Насколько мне известно, влияние Мухтара Ауэзова на вашу жизнь очень большое. Он даже определил выбор вами профессии…


Пожалуй, начну с того, что по желанию Мухтара Омархановича я пошел вначале в казахскую школу, а закончил уже русскую. Учился я неплохо. По-моему, только две четверки были в аттестате. И выбор у меня был: химфак или физмат. Но, как я уже говорил, наступила оттепель, многие политические ценности пересматривались, и это очень благодатно действовало на подростков. К тому же в детстве, в том числе и под влиянием моего старшего брата по матери Азата Сулеева, я много читал. Позже я с удивлением обнаружил свои «нетипичные интересы». В прочитанном, поскольку отдавал предпочтение дальневосточной, китайской и японской литературе, уже тогда, до поступления на отделение синологии Московского университета, я прочитал «Речные заводи» китайский средневековый роман.


А в смысле гуманитарного выбора Мухтар Омарханович меня очень поддержал, сказав, правда, что стать гуманитарием очень просто, а вот стать настоящим гуманитарием крайне сложно. В моей памяти как-то осталось его объяснение для меня, подростка. Плаваешь в прибрежных водах на небольшой глубине это быть гуманитарием, а если уйти в штормовые океанические глубины, на просторы это только настоящему гуманитарию и по силам.


Когда Мухтар Ауэзов приезжал в Москву, я обязательно приходил к нему в гостиницу с одноименным названием. Помню, как-то пришла туда собкор «Литературной газеты» Валентина Панкина брать у писателя интервью, и он, представляя меня, горделиво заметил: вот, мол, беседуем с сыном о Гегеле… Надо ли говорить, как это помогало мне, 18-летнему юноше, в «гуманитарных поисках».


КИТАЙСКАЯ СТЕНА


И эти поиски привели в Китай, в который вы, как мне кажется, одновременно влюблены и которого в то же время боитесь. И вообще, как вы стали дипломатом?


Начнем с того, что в Верховном совете 12-го созыва я был избран председателем комитета по межпарламентским связям. Наверное, потому, что на встрече парламентариев с доктором Бэнгом я задал ему вопрос на английском языке. И это, видимо, произвело впечатление на депутатов. Позже была поездка президента Назарбаева в Китай, там он обнаружил, что я знаю китайский… Честно говоря, я не без щегольства это демонстрировал. Затем, когда вернулись в Казахстан, президент сам предложил мне поехать в Китай послом. Для меня это было лестно и приятно. Конечно, я не исключаю того, что меня тогда просто сплавили в Китай. У меня с президентом действительно в то время возник спор по поводу принятия варианта Конституции. Но как бы это ни было, могу сказать, что за два с половиной года работы в Китае я не получил ни одного замечания со стороны нашего МИД.
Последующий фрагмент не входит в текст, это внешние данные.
(* Let $G$ be a connected bipartite graph with $G\not\cong K_2$. Then $\chi'_{2}(\overleftrightarrow{G}) = \chi'_{1,2}(\overleftrightarrow{G})$.
   Context: For a simple graph $G$, the symmetric digraph $\overleftrightarrow{G}$ is obtained by replacing each edge $uv$ of $G$ by the pair of opposite arcs $\overrightarrow{uv}$ and $\overrightarrow{vu}$. A monochromatic 2-path is a pair of arcs $\overrightarrow{uv},\overrightarrow{vw}$ with $w\neq u$ of the same colour; a monochromatic 2-cycle is a pair $\overrightarrow{uv},\overrightarrow{vu}$ of the same colour. $\chi'_{1,2}(\overleftrightarrow{G})$ is the least number of colours in an arc-colouring of $\overleftrightarrow{G}$ with no monochromatic 2-cycles and no monochromatic 2-paths; $\chi'_{2}(\overleftrightarrow{G})$ is the least number of colours in an arc-colouring of $\overleftrightarrow{G}$ with no monochromatic 2-paths (monochromatic 2-cycles allowed). *)

theory Defs
  imports Main
begin

definition simple_graph :: "'a set \<Rightarrow> ('a \<Rightarrow> 'a \<Rightarrow> bool) \<Rightarrow> bool" where
  "simple_graph V E \<longleftrightarrow> finite V \<and>
     (\<forall>u v. E u v \<longrightarrow> u \<in> V \<and> v \<in> V \<and> u \<noteq> v \<and> E v u)"

definition connected_graph :: "'a set \<Rightarrow> ('a \<Rightarrow> 'a \<Rightarrow> bool) \<Rightarrow> bool" where
  "connected_graph V E \<longleftrightarrow> V \<noteq> {} \<and>
     (\<forall>u\<in>V. \<forall>v\<in>V. (u, v) \<in> {(x, y). E x y}\<^sup>*)"

definition bipartite_graph :: "'a set \<Rightarrow> ('a \<Rightarrow> 'a \<Rightarrow> bool) \<Rightarrow> bool" where
  "bipartite_graph V E \<longleftrightarrow> (\<exists>A B. A \<union> B = V \<and> A \<inter> B = {} \<and>
     (\<forall>u v. E u v \<longrightarrow> (u \<in> A \<and> v \<in> B) \<or> (u \<in> B \<and> v \<in> A)))"

definition is_K2 :: "'a set \<Rightarrow> ('a \<Rightarrow> 'a \<Rightarrow> bool) \<Rightarrow> bool" where
  "is_K2 V E \<longleftrightarrow> (\<exists>u v. u \<noteq> v \<and> V = {u, v} \<and> E u v)"

text \<open>Arcs of the symmetric digraph: each edge uv gives arcs (u,v) and (v,u).\<close>
definition sym_arcs :: "('a \<Rightarrow> 'a \<Rightarrow> bool) \<Rightarrow> ('a \<times> 'a) set" where
  "sym_arcs E = {(u, v). E u v}"

definition no_mono_2path :: "('a \<Rightarrow> 'a \<Rightarrow> bool) \<Rightarrow> ('a \<times> 'a \<Rightarrow> nat) \<Rightarrow> bool" where
  "no_mono_2path E c \<longleftrightarrow>
     (\<forall>u v w. E u v \<and> E v w \<and> w \<noteq> u \<longrightarrow> c (u, v) \<noteq> c (v, w))"

definition no_mono_2cycle :: "('a \<Rightarrow> 'a \<Rightarrow> bool) \<Rightarrow> ('a \<times> 'a \<Rightarrow> nat) \<Rightarrow> bool" where
  "no_mono_2cycle E c \<longleftrightarrow> (\<forall>u v. E u v \<longrightarrow> c (u, v) \<noteq> c (v, u))"

definition arc_colouring :: "('a \<Rightarrow> 'a \<Rightarrow> bool) \<Rightarrow> nat \<Rightarrow> ('a \<times> 'a \<Rightarrow> nat) \<Rightarrow> bool" where
  "arc_colouring E k c \<longleftrightarrow> (\<forall>a\<in>sym_arcs E. c a < k)"

definition chi2 :: "('a \<Rightarrow> 'a \<Rightarrow> bool) \<Rightarrow> nat" where
  "chi2 E = (LEAST k. \<exists>c. arc_colouring E k c \<and> no_mono_2path E c)"

definition chi12 :: "('a \<Rightarrow> 'a \<Rightarrow> bool) \<Rightarrow> nat" where
  "chi12 E = (LEAST k. \<exists>c. arc_colouring E k c \<and> no_mono_2path E c \<and> no_mono_2cycle E c)"

end

theory Submission
  imports Defs
begin

text \<open>Colour each arc by the side of the bipartition containing its tail. Consecutive arcs
  \<open>(u, v), (v, w)\<close> and opposite arcs \<open>(u, v), (v, u)\<close> have tails on different sides,
  so two colours already avoid monochromatic 2-paths and 2-cycles. Conversely, two colours are
  needed as soon as there is a 2-path, and a connected graph other than \<open>K\<^sub>2\<close> with at
  least one edge has one. Edgeless graphs need no colours at all.\<close>

lemma bipartite_tail_side_colouring:
  assumes "bipartite_graph V E"
  obtains c where "arc_colouring E 2 c" "no_mono_2path E c" "no_mono_2cycle E c"
proof -
  obtain A B where AB: "A \<union> B = V" "A \<inter> B = {}"
    "\<forall>u v. E u v \<longrightarrow> (u \<in> A \<and> v \<in> B) \<or> (u \<in> B \<and> v \<in> A)"
    using assms unfolding bipartite_graph_def by blast
  define c :: "'a \<times> 'a \<Rightarrow> nat" where "c = (\<lambda>(u, v). if u \<in> A then 0 else 1)"
  have "arc_colouring E 2 c" unfolding arc_colouring_def c_def by auto
  moreover have "no_mono_2path E c" unfolding no_mono_2path_def c_def using AB by auto
  moreover have "no_mono_2cycle E c" unfolding no_mono_2cycle_def c_def using AB by auto
  ultimately show ?thesis by (rule that)
qed

lemma two_colours_needed_for_2path:
  assumes "E x y" "E y z" "z \<noteq> x"
    and "arc_colouring E k c" "no_mono_2path E c"
  shows "2 \<le> k"
proof -
  have "c (x, y) < k" "c (y, z) < k"
    using assms(1,2,4) unfolding arc_colouring_def sym_arcs_def by auto
  moreover have "c (x, y) \<noteq> c (y, z)"
    using assms(1-3,5) unfolding no_mono_2path_def by blast
  ultimately show ?thesis by linarith
qed

lemma chi2_eq_2:
  assumes "E x y" "E y z" "z \<noteq> x"
    and "arc_colouring E 2 c" "no_mono_2path E c"
  shows "chi2 E = 2"
  unfolding chi2_def
proof (rule Least_equality)
  show "\<exists>c. arc_colouring E 2 c \<and> no_mono_2path E c" using assms(4,5) by blast
next
  fix k assume "\<exists>d. arc_colouring E k d \<and> no_mono_2path E d"
  then show "2 \<le> k" using two_colours_needed_for_2path[OF assms(1-3)] by blast
qed

lemma chi12_eq_2:
  assumes "E x y" "E y z" "z \<noteq> x"
    and "arc_colouring E 2 c" "no_mono_2path E c" "no_mono_2cycle E c"
  shows "chi12 E = 2"
  unfolding chi12_def
proof (rule Least_equality)
  show "\<exists>c. arc_colouring E 2 c \<and> no_mono_2path E c \<and> no_mono_2cycle E c"
    using assms(4-6) by blast
next
  fix k assume "\<exists>d. arc_colouring E k d \<and> no_mono_2path E d \<and> no_mono_2cycle E d"
  then show "2 \<le> k" using two_colours_needed_for_2path[OF assms(1-3)] by blast
qed

lemma chi2_eq_0_if_edgeless:
  assumes "\<And>u v. \<not> E u v"
  shows "chi2 E = 0"
  unfolding chi2_def
  by (rule Least_eq_0) (use assms in \<open>auto simp: arc_colouring_def sym_arcs_def no_mono_2path_def\<close>)

lemma chi12_eq_0_if_edgeless:
  assumes "\<And>u v. \<not> E u v"
  shows "chi12 E = 0"
  unfolding chi12_def
  by (rule Least_eq_0)
    (use assms in \<open>auto simp: arc_colouring_def sym_arcs_def no_mono_2path_def no_mono_2cycle_def\<close>)

lemma connected_not_K2_has_2path:
  assumes "simple_graph V E" "connected_graph V E" "\<not> is_K2 V E" "E u v"
  obtains x y z where "E x y" "E y z" "z \<noteq> x"
proof (rule ccontr)
  assume no_2path: "\<not> thesis"
  have uv: "u \<in> V" "v \<in> V" "u \<noteq> v" "E v u"
    using assms(1,4) unfolding simple_graph_def by auto
  have "V \<noteq> {u, v}" using assms(3,4) uv(3) unfolding is_K2_def by blast
  then obtain w where w: "w \<in> V" "w \<notin> {u, v}" using uv by blast
  have "(u, w) \<in> {(x, y). E x y}\<^sup>*"
    using assms(2) uv w unfolding connected_graph_def by blast
  then have "w \<in> {u, v}"
  proof (induction rule: rtrancl_induct)
    case base
    then show ?case by simp
  next
    case (step y z)
    then show ?case using no_2path that assms(4) uv(4) by blast
  qed
  with w show False by blast
qed

theorem mainTheorem5:
  fixes V :: "'a set" and E :: "'a \<Rightarrow> 'a \<Rightarrow> bool"
  assumes "simple_graph V E"
    and "connected_graph V E"
    and "bipartite_graph V E"
    and "\<not> is_K2 V E"
  shows "chi2 E = chi12 E"
proof (cases "\<exists>u v. E u v")
  case False
  then show ?thesis using chi2_eq_0_if_edgeless chi12_eq_0_if_edgeless by metis
next
  case True
  then obtain u v where "E u v" by blast
  with assms(1,2,4) obtain x y z where path: "E x y" "E y z" "z \<noteq> x"
    by (rule connected_not_K2_has_2path)
  obtain c where "arc_colouring E 2 c" "no_mono_2path E c" "no_mono_2cycle E c"
    using assms(3) by (rule bipartite_tail_side_colouring)
  with path show ?thesis by (simp add: chi2_eq_2 chi12_eq_2)
qed

end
Сейчас много говорят о китайской экспансии, а что вы думаете о ней?


Для меня совершенно ясно, что Китаю для решения своей демографической проблемы нет другого направления, кроме как проникновение к нам на северо-запад. Власти Китая сейчас уверенно идут к тому, чтобы создать мононациональное государство. Идет в буквальном смысле стирание уйгурского компонента.


Что касается «шанхайской пятерки», то это очень сложное образование, в котором фундаментальные интересы России и Китая противоположны.


Я много раз писал, говорил об этих проблемах, показывал по телевидению разные документы для внутреннего служебного пользования, в которых нетрудно проследить агрессивный характер китайского соседа. Однако ни один специалист ни в МИД, ни в разведке не сказал мне: покажите эти документы, мы с ними поработаем. Они предпочитают не видеть. Так проще.


Не этим ли было вызвано ваше заявление, в котором вы объявили себя претендентом в кандидаты президента Казахстана?


Это был тактический ход. Для меня было важно обозначить возможность альтернативы при выборах такой важной политической фигуры, как президент. Позже я пошел работать к Hypкадилову в областной акимат, где проработал 9 месяцев и создал департамент информации и общественного согласия. Работа там меня очень увлекала. Поездки по области, аулам и маленьким городам, встречи с людьми. Возможность, так сказать, в живую, на ощупь разобраться с жизнью. Работа, повторяю, мне нравилась, и со стороны Нуркадилова никаких ущемлении не было. Но я и раньше Заманбеку говорил, что если моя работа войдет в противоречие с моими убеждениями, я оставлю работу. Бог это и произошло. Наступило лето президентских выборов, а я категорически не был согласен с тем, что идет нарастание авторитарного устройства государства. Меня поняли и отпустили. Попрощались тепло. Даже именные часы подарили.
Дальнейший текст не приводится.